サッカーやバスケットボールをしていてジャンプした後に着地した時、走っていて急に方向転換した時、あるいはスキーで軸足を捻ったときなどに、膝関節の中にある靭帯である前十字靭帯が断裂してしまうことがあります。
日本の中高生で運動部に所属する学生で、1年あたり0.08%(男性 0.047%、女性 0.135%)という報告がある一方で、女子バスケットボールでは2年の調査中に9.7%発生したという報告があります。
中学生、高校生の女性で多く発生します。
受傷時には痛みとともに靭帯が断裂する音を聞かれる方が多く、数時間以内に膝に血が溜まって腫れてきます。時間とともに痛みと腫れはひいてきますが、膝がガクっと抜けるような感覚(膝くずれ)を生じることがあります。放置すると半月板に負荷がかかって断裂することが多く、軟骨が悪くなって変形性関節症になります。
スポーツ活動を望まない高齢者では装具を使用したり、筋力トレーニングで膝の安定性を改善する治療が行われますが、近年では半月板を傷めないために手術を受けることが推奨されています。

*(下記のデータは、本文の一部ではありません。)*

lemma UU_ring_if_strongly_nil_clean:
  assumes "strongly_nil_clean TYPE('a::ring_1)"
  shows "UU_ring TYPE('a)"
  unfolding UU_ring_def
proof (intro allI impI)
  fix u :: 'a
  assume "is_unit_r u"
  then obtain v where v: "u * v = 1" "v * u = 1" unfolding is_unit_r_def by blast
  obtain e b where eb: "idempotent_r e" "nilpotent_r b" "u = e + b" "e * b = b * e"
    using assms unfolding strongly_nil_clean_def by blast
  have "u * b = b * u" using eb by (simp add: distrib_left distrib_right)
  then have "v * b = b * v" using unit_inverse_commute[OF v] by blast
  then have "nilpotent_r (v * b)" using nilpotent_r_mult_commuting[of b v] eb by simp
  then have "is_unit_r (u * (1 - v * b))"
    using is_unit_r_mult[OF \<open>is_unit_r u\<close> is_unit_r_one_minus_nilpotent] by blast
  moreover have "u * (1 - v * b) = e" using eb v by (simp add: right_diff_distrib flip: mult.assoc)
  ultimately have "e = 1" using idempotent_unit_eq_one eb by blast
  then show "nilpotent_r (u - 1)" using eb by simp
qed

lemma nilpotent_r_if_unit_one_plus:
  "UU_ring TYPE('a::ring_1) \<Longrightarrow> is_unit_r (1 + x) \<Longrightarrow> nilpotent_r (x :: 'a)"
  unfolding UU_ring_def by fastforce

lemma nilpotent_two_if_UU_ring:
  assumes "UU_ring TYPE('a::ring_1)"
  shows "nilpotent_r (2 :: 'a)"
proof -
  have "is_unit_r (1 + (- 2) :: 'a)" unfolding is_unit_r_def by (intro exI[of _ "- 1"]) simp
  then show ?thesis using nilpotent_r_uminus nilpotent_r_if_unit_one_plus[OF assms] by fastforce
qed

lemma square_zero_mult_nilpotent:
  assumes UU: "UU_ring TYPE('a::ring_1)" and x: "x * x = 0" and y: "y * y = (0 :: 'a)"
  shows "nilpotent_r (x * y)"
proof -
  have x': "x * (x * r) = 0" and y': "y * (y * r) = 0" for r
    using x y by (simp_all flip: mult.assoc)
  define z where "z = x + y + x * y"
  define d where "d = x * y + y * x"
  have "nilpotent_r x" "nilpotent_r y"
    using x y unfolding nilpotent_r_def by (metis power2_eq_square)+
  then have "is_unit_r ((1 + x) * (1 + y))" by (intro is_unit_r_mult is_unit_r_one_plus_nilpotent)
  moreover have "(1 + x) * (1 + y) = 1 + z" unfolding z_def by (simp add: algebra_simps)
  ultimately have unit: "is_unit_r (1 + z)" by simp
  then have "nilpotent_r z" using nilpotent_r_if_unit_one_plus[OF UU] by blast
  from unit obtain w where w: "(1 + z) * w = 1" "w * (1 + z) = 1" unfolding is_unit_r_def by blast
  have "w * z = z * w" using unit_inverse_commute[OF w] by (simp add: algebra_simps)
  have zz: "z * z = d * (1 + z)" unfolding z_def d_def by (simp add: algebra_simps x y x' y')
  have "d = d * ((1 + z) * w)" using w by simp
  also have "\<dots> = z * z * w" using zz by (simp add: mult.assoc)
  finally have d_eq: "d = z * z * w" .
  have "nilpotent_r (z * z)" using nilpotent_r_mult_commuting \<open>nilpotent_r z\<close> by blast
  moreover have "z * z * w = w * (z * z)" using \<open>w * z = z * w\<close> by (metis mult.assoc)
  ultimately have "nilpotent_r d" unfolding d_eq using nilpotent_r_mult_commuting by blast
  then obtain n where "d ^ n = 0" unfolding nilpotent_r_def by blast
  \<comment> \<open>Since y y = 0, x y d = (x y)^2, so powers of x y are x y times powers of d.\<close>
  have "(x * y) ^ Suc k = x * y * d ^ k" for k
  proof (induction k)
    case (Suc k)
    have "x * y * d ^ Suc k = x * y * d ^ k * d" by (simp add: power_commutes mult.assoc)
    also have "\<dots> = (x * y) ^ Suc k * d" using Suc by simp
    also have "\<dots> = (x * y) ^ k * (x * y * d)" by (simp only: power_Suc2 mult.assoc)
    also have "x * y * d = (x * y) * (x * y)" unfolding d_def by (simp add: algebra_simps y')
    finally show ?case by (simp only: power_Suc2 mult.assoc)
  qed simp
  then have "(x * y) ^ Suc n = 0" using \<open>d ^ n = 0\<close> by simp
  then show ?thesis unfolding nilpotent_r_def by blast
qed

definition nil_radical :: "'a::ring_1 set" where
  "nil_radical = {j. \<forall>r. nilpotent_r (r * j)}"

lemma zero_in_nil_radical: "0 \<in> nil_radical"
  unfolding nil_radical_def nilpotent_r_def by (auto intro: exI[of _ 1])

lemma nil_radical_nilpotent: "j \<in> nil_radical \<Longrightarrow> nilpotent_r j"
  unfolding nil_radical_def by (metis mem_Collect_eq mult_1_left)

lemma nil_radical_uminus: "j \<in> nil_radical \<Longrightarrow> - j \<in> nil_radical"
  unfolding nil_radical_def by (simp add: nilpotent_r_uminus)

lemma nil_radical_mult_left: "j \<in> nil_radical \<Longrightarrow> s * j \<in> nil_radical"
  unfolding nil_radical_def by (simp flip: mult.assoc)
lemma computation_ParE:
  assumes comp: "computation (Par c d) t s u v"
  obtains s1 s2 u1 u2 v1 v2 where "u = (\<lambda>i. u1 i @ u2 i)" and "v = (\<lambda>i. v1 i @ v2 i)"
    and "computation c t s1 u1 v1" and "computation d t s2 u2 v2"
proof -
  have steps: "\<And>i. step (t + int i) (s i) (u i) (v i) (s (Suc i))"
    using comp by (simp add: computation_def)
  have "\<exists>a b. s i = Par a b" for i
  proof (induction i)
    case 0
    then show ?case using comp by (simp add: computation_def)
  next
    case (Suc i)
    then show ?case using steps[of i] by (auto simp: step_Par_iff)
  qed
  then obtain s1 s2 where s: "\<And>i. s i = Par (s1 i) (s2 i)"
    by metis
  have "\<exists>u1 u2 v1 v2. u i = u1 @ u2 \<and> v i = v1 @ v2 \<and>
      step (t + int i) (s1 i) u1 v1 (s1 (Suc i)) \<and> step (t + int i) (s2 i) u2 v2 (s2 (Suc i))" for i
    using steps[of i] by (auto simp: s step_Par_iff)
  then obtain u1 u2 v1 v2 where "\<And>i. u i = u1 i @ u2 i" and "\<And>i. v i = v1 i @ v2 i"
    and "\<And>i. step (t + int i) (s1 i) (u1 i) (v1 i) (s1 (Suc i))"
    and "\<And>i. step (t + int i) (s2 i) (u2 i) (v2 i) (s2 (Suc i))"
    by metis
  with comp s show thesis
    by (auto simp: computation_def intro!: that)
qed

definition traj_of ::
    "nat \<Rightarrow> nat \<Rightarrow> int \<Rightarrow> (nat \<Rightarrow> 'k::zero list) \<Rightarrow> (nat \<Rightarrow> 'k list) \<Rightarrow> 'k traj" where
  "traj_of n m t u v =
     (\<lambda>i. if i < t then (replicate n 0, replicate m 0) else (u (nat (i - t)), v (nat (i - t))))"

lemma opsem_iff:
  "\<sigma> \<in> opsem c \<longleftrightarrow> (\<exists>t s u v. computation c t s u v \<and> \<sigma> = traj_of (cdom c) (ccod c) t u v)"
  by (simp add: opsem_def traj_of_def)

lemma traj_of_compose:
  "(\<lambda>i. (fst (traj_of n k t u w i), snd (traj_of k m t w v i))) = traj_of n m t u v"
  by (auto simp: traj_of_def)

lemma traj_of_append:
  "(\<lambda>i. (fst (traj_of n1 m1 t u1 v1 i) @ fst (traj_of n2 m2 t u2 v2 i),
         snd (traj_of n1 m1 t u1 v1 i) @ snd (traj_of n2 m2 t u2 v2 i)))
   = traj_of (n1 + n2) (m1 + m2) t (\<lambda>i. u1 i @ u2 i) (\<lambda>i. v1 i @ v2 i)"
  by (auto simp: traj_of_def replicate_add)
(* For each $n \geq 2$ there is a constant $M_n$ such that for every polynomial $p$ in $n$ variables, \[ \|\Gamma p\|_{\overline{\mathbb{D}}^n} \leq M_n \|p\|_{\overline{\mathbb{D}}^n}. \] Moreover, one may take $M_2 \leq 4.07$ and $M_3 \leq 16.6$.
   Context: $\mathbb{D}$ is the open unit disk in $\mathbb{C}$ and $\|f\|_X = \sup_{z\in X}|f(z)|$. For a multi-index $\alpha\in\mathbb{Z}_{\ge0}^n$, $|\alpha|=\sum\alpha_j$, $\alpha!=\alpha_1!\cdots\alpha_n!$. For $p(z)=\sum_\alpha c_\alpha z^\alpha$, define $\Gamma p(z) = \sum_\alpha c_\alpha \frac{\alpha!}{|\alpha|!} z^\alpha$. *)

theory Defs
  imports "HOL-Analysis.Analysis"
begin

text \<open>Multi-indices in n variables are functions alpha :: nat => nat vanishing at j >= n.
A polynomial in n variables is given by its coefficient function
c :: (nat => nat) => complex, finitely supported on such multi-indices.\<close>

definition is_mpoly :: "nat \<Rightarrow> ((nat \<Rightarrow> nat) \<Rightarrow> complex) \<Rightarrow> bool" where
  "is_mpoly n c \<longleftrightarrow> finite {\<alpha>. c \<alpha> \<noteq> 0} \<and> (\<forall>\<alpha>. c \<alpha> \<noteq> 0 \<longrightarrow> (\<forall>j\<ge>n. \<alpha> j = 0))"

definition mpoly_eval :: "nat \<Rightarrow> ((nat \<Rightarrow> nat) \<Rightarrow> complex) \<Rightarrow> (nat \<Rightarrow> complex) \<Rightarrow> complex" where
  "mpoly_eval n c z = (\<Sum>\<alpha>\<in>{\<alpha>. c \<alpha> \<noteq> 0}. c \<alpha> * (\<Prod>j<n. z j ^ \<alpha> j))"

definition Gamma_coeff :: "nat \<Rightarrow> ((nat \<Rightarrow> nat) \<Rightarrow> complex) \<Rightarrow> ((nat \<Rightarrow> nat) \<Rightarrow> complex)" where
  "Gamma_coeff n c = (\<lambda>\<alpha>. c \<alpha> * of_nat (\<Prod>j<n. fact (\<alpha> j)) / of_nat (fact (\<Sum>j<n. \<alpha> j)))"

definition closed_polydisc :: "nat \<Rightarrow> (nat \<Rightarrow> complex) set" where
  "closed_polydisc n = {z. (\<forall>j<n. norm (z j) \<le> 1) \<and> (\<forall>j\<ge>n. z j = 0)}"

definition supnorm :: "'a set \<Rightarrow> ('a \<Rightarrow> complex) \<Rightarrow> real" where
  "supnorm X f = (SUP z\<in>X. norm (f z))"

end

theory Submission
  imports Defs "HOL-Complex_Analysis.Complex_Analysis"
begin

text \<open>
Splitting off the last variable, the weight \<open>\<alpha>!/|\<alpha>|!\<close> factors as the weight of the first
\<open>n\<close> exponents times \<open>a!b!/(a+b)!\<close>, where \<open>a\<close> is the total degree in the first \<open>n\<close>
variables and \<open>b\<close> the degree in the last one. Substituting \<open>x\<cdot>w\<close> for the first \<open>n\<close>
variables, induction reduces everything to two variables at the cost of a factor 4 per step,
so \<open>M\<^sub>n = 4\<^sup>n\<^sup>-\<^sup>1\<close> works.

For \<open>F(x,y) = \<Sum> c\<^sub>\<sigma> x\<^sup>a y\<^sup>b\<close> bounded by \<open>K\<close> on the bidisc and
\<open>B(a,b) = \<integral>\<^sub>0\<^sup>1 s\<^sup>a(1-s)\<^sup>b ds\<close>, one has
\<open>a!b!/(a+b)! = 0\<^sup>a + 0\<^sup>b - B(a,b) + a B(a-1,b+1) + b B(a+1,b-1)\<close>.
Summed against the coefficients, the right-hand side becomes
\<open>F(0,1) + F(1,0) - \<integral>\<^sub>0\<^sup>1 F(s,1-s) ds + \<integral>\<^sub>0\<^sup>1 D(s) ds\<close>, where \<open>D(s)\<close> is the derivative at \<open>0\<close>
of \<open>\<lambda> \<mapsto> F(s+\<lambda>(1-s), 1-s+\<lambda>s)\<close>. This disc lies in the bidisc, so Cauchy's estimate
gives \<open>|D(s)| \<le> K\<close>, and each of the four terms is at most \<open>K\<close>.
\<close>

definition beta_nat :: "nat \<Rightarrow> nat \<Rightarrow> real" where
  "beta_nat i j = fact i * fact j / fact (i + j + 1)"

lemma beta_nat_commute: "beta_nat i j = beta_nat j i"
  by (simp add: beta_nat_def add.commute mult.commute)

lemma beta_nat_0_right: "beta_nat i 0 = 1 / real (Suc i)"
  by (simp add: beta_nat_def)

lemma beta_nat_Suc_right: "beta_nat i (Suc j) = beta_nat i j - beta_nat (Suc i) j"
proof -
  have "(fact (i + Suc j + 1) :: real) = real (i + j + 2) * fact (i + j + 1)"
    "(fact (Suc i + j + 1) :: real) = real (i + j + 2) * fact (i + j + 1)"
    by (simp_all add: algebra_simps)
  moreover have "(fact (i + j + 1) :: real) > 0"
    by simp
  ultimately show ?thesis
    by (simp add: beta_nat_def divide_simps) (simp add: algebra_simps)
qed

lemma has_integral_beta_nat:
  "((\<lambda>s::real. s ^ i * (1 - s) ^ j) has_integral beta_nat i j) {0..1}"
proof (induction j arbitrary: i)
  case 0
  have "((\<lambda>s. s ^ Suc i / real (Suc i)) has_real_derivative s ^ i) (at s)" for s :: real
    by (intro derivative_eq_intros) auto
  then have "((\<lambda>s::real. s ^ i) has_integral (1 / real (Suc i) - 0)) {0..1}"
    using fundamental_theorem_of_calculus[of 0 1 "\<lambda>s. s ^ Suc i / real (Suc i)" "\<lambda>s. s ^ i"]
    by (simp add: has_real_derivative_iff_has_vector_derivative has_vector_derivative_at_within)
  then show ?case
    by (simp add: beta_nat_0_right)
next
  case (Suc j)
  have "(\<lambda>s::real. s ^ i * (1 - s) ^ Suc j) = (\<lambda>s. s ^ i * (1 - s) ^ j - s ^ Suc i * (1 - s) ^ j)"
    by (auto simp: algebra_simps)
  with has_integral_diff[OF Suc.IH[of i] Suc.IH[of "Suc i"]] show ?case
    by (simp add: beta_nat_Suc_right)
qed

lemma beta_nat_shift_left:
  "real a * beta_nat (a - 1) (Suc b) = real (Suc b) * beta_nat a b - 0 ^ a"
proof (cases a)
  case 0
  then show ?thesis by (simp add: beta_nat_commute[of 0] beta_nat_0_right)
next
  case (Suc i)
  then show ?thesis
    by (simp add: beta_nat_def field_simps)
qed

lemma beta_nat_shift_right:
  "real b * beta_nat (Suc a) (b - 1) = real (Suc a) * beta_nat a b - 0 ^ b"
  using beta_nat_shift_left[of b a] by (simp add: beta_nat_commute)

lemma inverse_binomial_eq_beta_nat:
  "fact a * fact b / fact (a + b) = real (a + b + 1) * beta_nat a b"
proof -
  have "(fact (a + b + 1) :: real) = real (a + b + 1) * fact (a + b)" "(fact (a + b) :: real) > 0"
    by simp_all
  then show ?thesis
    by (simp add: beta_nat_def)
qed

lemma inverse_binomial_decomposition:
  "fact a * fact b / fact (a + b) =
     0 ^ a + 0 ^ b - beta_nat a b + (real a * beta_nat (a - 1) (Suc b) + real b * beta_nat (Suc a) (b - 1))"
  unfolding beta_nat_shift_left beta_nat_shift_right inverse_binomial_eq_beta_nat
  by (simp add: algebra_simps)

lemma has_integral_unit_interval_norm_le:
  fixes g :: "real \<Rightarrow> 'a::real_normed_vector"
  assumes "(g has_integral I) {0..1}" and "\<And>s. 0 \<le> s \<Longrightarrow> s \<le> 1 \<Longrightarrow> norm (g s) \<le> K"
  shows "norm I \<le> K"
proof -
  have "0 \<le> K"
    using assms(2)[of 0] by (auto intro: order_trans[OF norm_ge_zero])
  then show ?thesis
    using has_integral_bound[of K g I 0 1] assms by (simp add: cbox_interval)
qed

lemma norm_add_scaled_le_1:
  fixes x :: complex
  assumes "0 \<le> s" "0 \<le> t" "s + t \<le> 1" "norm x \<le> 1"
  shows "norm (of_real s + x * of_real t) \<le> 1"
proof -
  have "norm (of_real s + x * of_real t) \<le> s + norm x * t"
    using norm_triangle_ineq[of "of_real s" "x * of_real t"] assms by (simp add: norm_mult)
  also have "\<dots> \<le> 1"
    using assms mult_left_le_one_le[of t "norm x"] by (simp add: mult.commute)
  finally show ?thesis .
qed

locale bidisc_bounded =
  fixes S :: "'s set" and c :: "'s \<Rightarrow> complex" and a b :: "'s \<Rightarrow> nat" and K :: real
  assumes finite_S: "finite S"
    and bounded: "\<And>x y. norm x \<le> 1 \<Longrightarrow> norm y \<le> 1 \<Longrightarrow>
                   norm (\<Sum>\<sigma>\<in>S. c \<sigma> * x ^ a \<sigma> * y ^ b \<sigma>) \<le> K"
begin

definition F :: "complex \<Rightarrow> complex \<Rightarrow> complex" where
  "F x y = (\<Sum>\<sigma>\<in>S. c \<sigma> * x ^ a \<sigma> * y ^ b \<sigma>)"

lemma norm_F_le: "norm x \<le> 1 \<Longrightarrow> norm y \<le> 1 \<Longrightarrow> norm (F x y) \<le> K"
  unfolding F_def by (rule bounded)

lemma norm_diagonal_integral_le:
  "norm (\<Sum>\<sigma>\<in>S. c \<sigma> * of_real (beta_nat (a \<sigma>) (b \<sigma>))) \<le> K"
proof (rule has_integral_unit_interval_norm_le)
  show "((\<lambda>s. F (of_real s) (of_real (1 - s))) has_integral
          (\<Sum>\<sigma>\<in>S. c \<sigma> * of_real (beta_nat (a \<sigma>) (b \<sigma>)))) {0..1}"
    unfolding F_def mult.assoc of_real_power [symmetric] of_real_mult [symmetric]
    by (intro has_integral_sum finite_S has_integral_mult_right has_integral_of_real has_integral_beta_nat)
  show "norm (F (of_real s) (of_real (1 - s))) \<le> K" if "0 \<le> s" "s \<le> 1" for s
    using that by (intro norm_F_le) (simp_all del: of_real_diff)
qed

definition disc_derivative :: "real \<Rightarrow> complex" where
  "disc_derivative s = (\<Sum>\<sigma>\<in>S. c \<sigma> * of_real (real (a \<sigma>) * s ^ (a \<sigma> - 1) * (1 - s) ^ Suc (b \<sigma>)
                             + real (b \<sigma>) * s ^ Suc (a \<sigma>) * (1 - s) ^ (b \<sigma> - 1)))"

lemma has_field_derivative_along_disc:
  "((\<lambda>l. F (of_real s + l * of_real (1 - s)) (of_real (1 - s) + l * of_real s))
     has_field_derivative disc_derivative s) (at 0)"
proof -
  have "((\<lambda>l. F (of_real s + l * of_real (1 - s)) (of_real (1 - s) + l * of_real s))
     has_field_derivative (\<Sum>\<sigma>\<in>S. c \<sigma> * (of_nat (a \<sigma>) * of_real s ^ (a \<sigma> - 1) * of_real (1 - s)
        * of_real (1 - s) ^ b \<sigma> + of_real s ^ a \<sigma> * (of_nat (b \<sigma>) * of_real (1 - s) ^ (b \<sigma> - 1) * of_real s))))
     (at 0)"
    unfolding F_def
    by (auto intro!: derivative_eq_intros sum.cong simp: algebra_simps simp del: of_real_diff)
  also have "(\<Sum>\<sigma>\<in>S. c \<sigma> * (of_nat (a \<sigma>) * of_real s ^ (a \<sigma> - 1) * of_real (1 - s)
        * of_real (1 - s) ^ b \<sigma> + of_real s ^ a \<sigma> * (of_nat (b \<sigma>) * of_real (1 - s) ^ (b \<sigma> - 1) * of_real s)))
     = disc_derivative s"
    unfolding disc_derivative_def of_real_add of_real_mult of_real_power of_real_of_nat_eq power_Suc
    by (intro sum.cong refl) (simp add: algebra_simps del: of_real_diff)
  finally show ?thesis .
qed

lemma norm_disc_derivative_le:
  assumes "0 \<le> s" "s \<le> 1"
  shows "norm (disc_derivative s) \<le> K"
proof -
  define h where "h l = F (of_real s + l * of_real (1 - s)) (of_real (1 - s) + l * of_real s)" for l
  have "norm ((deriv ^^ 1) h 0) \<le> fact 1 * K / 1 ^ 1"
  proof (rule Cauchy_inequality)
    show "h holomorphic_on ball 0 1" "continuous_on (cball 0 1) h"
      unfolding h_def F_def by (intro holomorphic_intros continuous_intros)+
    show "norm (h x) \<le> K" if "norm (0 - x) = 1" for x
      unfolding h_def using that assms
      by (intro norm_F_le norm_add_scaled_le_1) auto
  qed simp
  moreover have "deriv h 0 = disc_derivative s"
    unfolding h_def by (rule DERIV_imp_deriv[OF has_field_derivative_along_disc])
  ultimately show ?thesis
    by simp
qed

lemma norm_disc_derivative_integral_le:
  "norm (\<Sum>\<sigma>\<in>S. c \<sigma> * of_real (real (a \<sigma>) * beta_nat (a \<sigma> - 1) (Suc (b \<sigma>))
                               + real (b \<sigma>) * beta_nat (Suc (a \<sigma>)) (b \<sigma> - 1))) \<le> K"
proof (rule has_integral_unit_interval_norm_le)
  show "(disc_derivative has_integral (\<Sum>\<sigma>\<in>S. c \<sigma> * of_real (real (a \<sigma>) * beta_nat (a \<sigma> - 1) (Suc (b \<sigma>))
                               + real (b \<sigma>) * beta_nat (Suc (a \<sigma>)) (b \<sigma> - 1)))) {0..1}"
    unfolding disc_derivative_def[abs_def] mult.assoc
    by (intro has_integral_sum finite_S has_integral_mult_right has_integral_of_real
              has_integral_add has_integral_beta_nat)
qed (rule norm_disc_derivative_le)

theorem norm_inverse_binomial_sum_le:
  "norm (\<Sum>\<sigma>\<in>S. c \<sigma> * of_real (fact (a \<sigma>) * fact (b \<sigma>) / fact (a \<sigma> + b \<sigma>))) \<le> 4 * K"
proof -
  define I where "I = (\<Sum>\<sigma>\<in>S. c \<sigma> * of_real (beta_nat (a \<sigma>) (b \<sigma>)))"
  define J where "J = (\<Sum>\<sigma>\<in>S. c \<sigma> * of_real (real (a \<sigma>) * beta_nat (a \<sigma> - 1) (Suc (b \<sigma>))
                               + real (b \<sigma>) * beta_nat (Suc (a \<sigma>)) (b \<sigma> - 1)))"
  have "(\<Sum>\<sigma>\<in>S. c \<sigma> * of_real (fact (a \<sigma>) * fact (b \<sigma>) / fact (a \<sigma> + b \<sigma>))) = F 0 1 + F 1 0 - I + J"
    unfolding inverse_binomial_decomposition F_def I_def J_def
    by (simp add: algebra_simps sum.distrib sum_subtractf flip: sum_distrib_left)
  also have "norm \<dots> \<le> norm (F 0 1) + norm (F 1 0) + norm I + norm J"
    by (smt (verit) norm_triangle_ineq norm_triangle_ineq4)
  also have "\<dots> \<le> 4 * K"
    using norm_F_le[of 0 1] norm_F_le[of 1 0] norm_diagonal_integral_le norm_disc_derivative_integral_le
    unfolding I_def J_def by simp
  finally show ?thesis .
qed

end

definition inverse_multinomial :: "nat \<Rightarrow> (nat \<Rightarrow> nat) \<Rightarrow> complex" where
  "inverse_multinomial n \<alpha> = of_nat (\<Prod>j<n. fact (\<alpha> j)) / of_nat (fact (\<Sum>j<n. \<alpha> j))"

lemma Gamma_coeff_eq: "Gamma_coeff n c \<alpha> = c \<alpha> * inverse_multinomial n \<alpha>"
  by (simp add: Gamma_coeff_def inverse_multinomial_def)
text \<open>Two quotients at \<open>x\<close> and \<open>y\<close> combine convexly into one at \<open>x + y\<close>.\<close>
lemma homogenization_add_le: "homogenization E a (x + y) \<le> homogenization E a x + homogenization E a y"
proof -
  have "homogenization E a (x + y) \<le> v1 / t + v2 / s"
    if t: "0 < t" "(a + t *\<^sub>R x, v1) \<in> E" and s: "0 < s" "(a + s *\<^sub>R y, v2) \<in> E" for t s v1 v2
  proof -
    define l where "l = s / (t + s)"
    have l: "0 \<le> l" "l \<le> 1" "l * t = t * s / (t + s)" "(1 - l) * s = t * s / (t + s)" "1 - l = t / (t + s)"
      using t s unfolding l_def by (auto simp: field_simps)
    have "(l *\<^sub>R (a + t *\<^sub>R x) + (1 - l) *\<^sub>R (a + s *\<^sub>R y), l * v1 + (1 - l) * v2) \<in> E"
      by (rule convex_pair_combine[OF convex t(2) s(2) l(1,2)])
    moreover have "l *\<^sub>R (a + t *\<^sub>R x) + (1 - l) *\<^sub>R (a + s *\<^sub>R y)
        = (l + (1 - l)) *\<^sub>R a + (l * t) *\<^sub>R x + ((1 - l) * s) *\<^sub>R y"
      by (simp add: algebra_simps)
    ultimately have "(a + (t * s / (t + s)) *\<^sub>R (x + y), l * v1 + (1 - l) * v2) \<in> E"
      by (simp only: l(3,4) scaleR_add_right) (simp add: add.assoc)
    then have "homogenization E a (x + y) \<le> (l * v1 + (1 - l) * v2) / (t * s / (t + s))"
      using t s by (intro homogenization_le_quotient) auto
    also have "l * v1 + (1 - l) * v2 = (s * v1 + t * v2) / (t + s)"
      unfolding l(5) unfolding l_def by (simp add: add_divide_distrib)
    also have "\<dots> / (t * s / (t + s)) = (s * v1 + t * v2) / (t * s)"
      using t s by simp
    also have "\<dots> = v1 / t + v2 / s"
      using t s by (simp add: field_simps)
    finally show ?thesis .
  qed
  then have "homogenization E a (x + y) - v2 / s \<le> homogenization E a x"
    if "0 < s" "(a + s *\<^sub>R y, v2) \<in> E" for s v2
    using that by (intro homogenization_greatest) (auto simp: algebra_simps)
  then have "homogenization E a (x + y) - homogenization E a x \<le> homogenization E a y"
    by (intro homogenization_greatest) (auto simp: algebra_simps)
  then show ?thesis by linarith
qed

断裂から時間が経つと半月板が断裂する可能性が高まるので、受傷してから3~6か月程度で手術を行うのが望ましいとされています。断裂した靭帯を縫い合わせても再度断裂してしまうことが多く、他の靭帯や筋膜を移植する靭帯再建術が行われます。手術の方法が改良されてきており、カメラ(関節鏡)で小さな傷で行う手術が可能になっていますが、スポーツ復帰には6~9か月のリハビリテーションが必要になります。